From the records below, transcribe exactly the lines that begin at the line with "define q where" and end at the line with "using that by", both included.

[Items from a dataset]
# # # # # # #

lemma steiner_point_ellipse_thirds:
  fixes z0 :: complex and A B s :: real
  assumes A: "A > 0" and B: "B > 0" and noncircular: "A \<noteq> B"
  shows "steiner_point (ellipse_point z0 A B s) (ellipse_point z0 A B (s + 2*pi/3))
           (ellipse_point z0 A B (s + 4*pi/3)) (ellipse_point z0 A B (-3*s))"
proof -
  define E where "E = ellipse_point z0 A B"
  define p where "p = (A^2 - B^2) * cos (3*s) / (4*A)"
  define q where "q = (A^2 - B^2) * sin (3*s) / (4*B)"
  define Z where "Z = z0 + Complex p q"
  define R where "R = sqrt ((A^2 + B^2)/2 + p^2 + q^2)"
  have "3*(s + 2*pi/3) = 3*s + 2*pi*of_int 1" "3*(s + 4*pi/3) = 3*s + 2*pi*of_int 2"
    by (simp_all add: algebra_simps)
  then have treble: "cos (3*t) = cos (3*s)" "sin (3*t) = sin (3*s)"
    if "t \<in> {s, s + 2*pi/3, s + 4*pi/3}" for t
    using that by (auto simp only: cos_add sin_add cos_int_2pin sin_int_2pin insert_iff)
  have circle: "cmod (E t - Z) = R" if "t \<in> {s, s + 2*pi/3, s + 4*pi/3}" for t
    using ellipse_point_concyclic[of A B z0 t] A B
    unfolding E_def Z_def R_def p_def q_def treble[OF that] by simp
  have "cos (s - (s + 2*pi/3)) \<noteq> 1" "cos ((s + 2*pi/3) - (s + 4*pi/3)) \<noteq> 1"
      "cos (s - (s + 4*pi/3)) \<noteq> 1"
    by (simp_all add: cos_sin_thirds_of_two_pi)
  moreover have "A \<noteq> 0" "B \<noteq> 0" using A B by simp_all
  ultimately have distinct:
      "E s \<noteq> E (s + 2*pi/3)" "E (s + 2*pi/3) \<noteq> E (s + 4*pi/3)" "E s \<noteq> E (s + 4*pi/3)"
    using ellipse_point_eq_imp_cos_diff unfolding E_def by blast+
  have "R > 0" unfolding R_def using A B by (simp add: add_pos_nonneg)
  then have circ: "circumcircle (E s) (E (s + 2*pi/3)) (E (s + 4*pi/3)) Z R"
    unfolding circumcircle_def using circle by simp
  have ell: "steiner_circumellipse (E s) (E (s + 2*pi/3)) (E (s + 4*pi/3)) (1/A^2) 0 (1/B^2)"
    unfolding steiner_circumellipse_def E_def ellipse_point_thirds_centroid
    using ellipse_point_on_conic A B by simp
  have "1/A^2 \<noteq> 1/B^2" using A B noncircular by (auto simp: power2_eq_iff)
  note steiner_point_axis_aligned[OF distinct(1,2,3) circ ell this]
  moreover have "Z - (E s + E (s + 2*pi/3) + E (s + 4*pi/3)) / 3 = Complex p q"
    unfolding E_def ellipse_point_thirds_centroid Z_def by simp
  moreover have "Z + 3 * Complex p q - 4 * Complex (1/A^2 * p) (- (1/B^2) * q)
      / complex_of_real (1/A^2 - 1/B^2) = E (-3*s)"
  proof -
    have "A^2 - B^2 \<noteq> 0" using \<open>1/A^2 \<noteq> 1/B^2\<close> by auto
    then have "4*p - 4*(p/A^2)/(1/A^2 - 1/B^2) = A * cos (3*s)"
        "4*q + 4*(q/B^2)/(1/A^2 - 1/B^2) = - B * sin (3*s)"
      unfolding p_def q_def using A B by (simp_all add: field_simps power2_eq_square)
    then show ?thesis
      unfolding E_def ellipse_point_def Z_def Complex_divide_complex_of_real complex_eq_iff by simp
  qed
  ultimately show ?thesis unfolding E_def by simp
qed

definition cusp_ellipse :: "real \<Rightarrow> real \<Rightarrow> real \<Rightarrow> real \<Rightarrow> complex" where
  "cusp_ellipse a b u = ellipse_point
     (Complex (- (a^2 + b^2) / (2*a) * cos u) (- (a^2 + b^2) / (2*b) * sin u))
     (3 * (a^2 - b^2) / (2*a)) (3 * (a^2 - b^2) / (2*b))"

# # # # # # #

## Response to this exercise
  define q where "q = (A^2 - B^2) * sin (3*s) / (4*B)"
  define Z where "Z = z0 + Complex p q"
  define R where "R = sqrt ((A^2 + B^2)/2 + p^2 + q^2)"
  have "3*(s + 2*pi/3) = 3*s + 2*pi*of_int 1" "3*(s + 4*pi/3) = 3*s + 2*pi*of_int 2"
    by (simp_all add: algebra_simps)
  then have treble: "cos (3*t) = cos (3*s)" "sin (3*t) = sin (3*s)"
    if "t \<in> {s, s + 2*pi/3, s + 4*pi/3}" for t
    using that by (auto simp only: cos_add sin_add cos_int_2pin sin_int_2pin insert_iff)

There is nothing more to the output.